How much baseline data is sufficient? The short answer is “get anything that’s relevant.” Some examples:

• For feeder cables, you want the insulation resistance readings at a minimum. Hi-pot would also be good. Check your cable testing program to see what tests will be performed during a shutdown and perform all of those tests at installation. This will give you context for those future test results.
• For a motor, you want insulation resistance readings and the axial runout number at a minimum. The axial runout measurement is typically skipped but having it can save you a lot of downtime. At a plastics plant in Kentucky, the Plant Electrical Engineer insisted on axial runout measurements for each replacement motor that arrived at the plant. It turned out that one had a slightly bent shaft. It seemed to turn OK by hand, but it wasn’t true and so the vibration while running would have been quite high. The crew saved more than a full shift of labor hours by not installing that motor (which would have been followed by an uninstall plus a an install of a second replacement). That was the benefit in that installation situation; for motor troubleshooting purposes, being able to compare the baseline measurement to the present measurement has great time-saving value. Another vital step is to ensure you have a clear image of the nameplate. This image should always be sent along with the PO for a replacement motor. And it’s useful in maintaining the motor.
• For a motor drive, put it through its diagnostics and record what it finds. Record each setting, both as text in the CMMS and (where possible) as images to be stored in the CMMS. It may also be helpful to make a video where the tech setting up the drive is explaining each setting as he goes. Imagine responding to a trouble call on the third shift and you don’t know drives very well. But you watch that video. This sure beats spending a half hour with the manual and then calling Dave “drive guru” Jones at home anyhow.

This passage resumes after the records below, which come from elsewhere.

definition multiplicative_pos :: "(real \<Rightarrow> real) \<Rightarrow> bool" where
  "multiplicative_pos m \<longleftrightarrow> (\<forall>x>0. m x > 0) \<and> (\<forall>x>0. \<forall>y>0. m (x * y) = m x * m y)"

definition additive :: "(real \<Rightarrow> real) \<Rightarrow> bool" where
  "additive a \<longleftrightarrow> (\<forall>x y. a (x + y) = a x + a y)"

definition jensen_convex_pos :: "(real \<Rightarrow> real) \<Rightarrow> bool" where
  "jensen_convex_pos m \<longleftrightarrow> (\<forall>x>0. \<forall>y>0. m ((x + y) / 2) \<le> (m x + m y) / 2)"

end

theory Submission imports Defs begin

text \<open>
  If \<open>a\<close> is additive and \<open>m t \<ge> 1 + a (t - 1)\<close>, put \<open>u = (x + y) / 2\<close>: the points \<open>x / u\<close> and
  \<open>y / u\<close> average to \<open>1\<close>, so the \<open>a\<close>-terms cancel and \<open>m (x / u) + m (y / u) \<ge> 2\<close>, which
  multiplicativity turns into Jensen's inequality.

  Conversely, \<open>f s = m (1 + s) - 1\<close> is midpoint convex on \<open>]-1, \<infinity>[\<close> with \<open>f 0 = 0\<close>, so
  \<open>2 ^ k * f (s / 2 ^ k)\<close> decreases in \<open>k\<close>. Its infimum \<open>p\<close> is defined on all of \<open>\<real>\<close>, lies below
  \<open>f\<close>, is subadditive and satisfies \<open>p (2 * s) = 2 * p s\<close>. An additive \<open>a \<le> p\<close> is obtained as in
  the Hahn-Banach theorem: by Zorn's lemma there is a minimal such function below \<open>p\<close>, and
  minimality forces additivity.
\<close>

definition dyadically_sublinear :: "(real \<Rightarrow> real) \<Rightarrow> bool" where
  "dyadically_sublinear q \<longleftrightarrow> (\<forall>x y. q (x + y) \<le> q x + q y) \<and> (\<forall>x. q (2 * x) = 2 * q x)"

lemma dyadically_sublinearD:
  assumes "dyadically_sublinear q"
  shows dyadically_sublinear_add: "q (x + y) \<le> q x + q y"
    and dyadically_sublinear_double: "q (2 * x) = 2 * q x"
  using assms unfolding dyadically_sublinear_def by auto

lemma dyadically_sublinear_zero: "dyadically_sublinear q \<Longrightarrow> q 0 = 0"
  using dyadically_sublinear_double[of q 0] by simp

lemma dyadically_sublinear_power2: "dyadically_sublinear q \<Longrightarrow> q (2 ^ k * x) = 2 ^ k * q x"
  by (induction k) (auto simp: dyadically_sublinear_double mult.assoc)

lemma dyadically_sublinear_neg_le: "dyadically_sublinear q \<Longrightarrow> - q (- x) \<le> q x"
  using dyadically_sublinear_add[of q x "- x"] dyadically_sublinear_zero[of q] by simp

• Complex production equipment is often built to purpose and thus is unique. Downtime is usually very expensive. A kitchen range plant in Tennessee puts out just under $1 million worth of ranges per hour. One glitch in a subsystem stops the flow of that $1 million. The settings on the many component pieces of equipment were dialed in during a tedious start-up. The plant has a record of every setting change ever made on every piece of equipment. There’s also baseline data on every PLC, every motor, and every robot. The more revenue you need to protect, the more baseline data collection becomes paramount. That’s going to include photo documentation of whatever can help shorten the troubleshooting process. An image that shows a model number, for example, could cut significant time by putting some steps in parallel. Jim goes off to get the spare component while Abby then removes the old one.

Taking baseline data, including whatever photo and video documentation can aid with future maintenance, troubleshooting, and repair, is part of doing a quality installation job. Spending money here saves far greater sums down the road. Saving money here amounts to a few beans at the time but can be very costly down the road.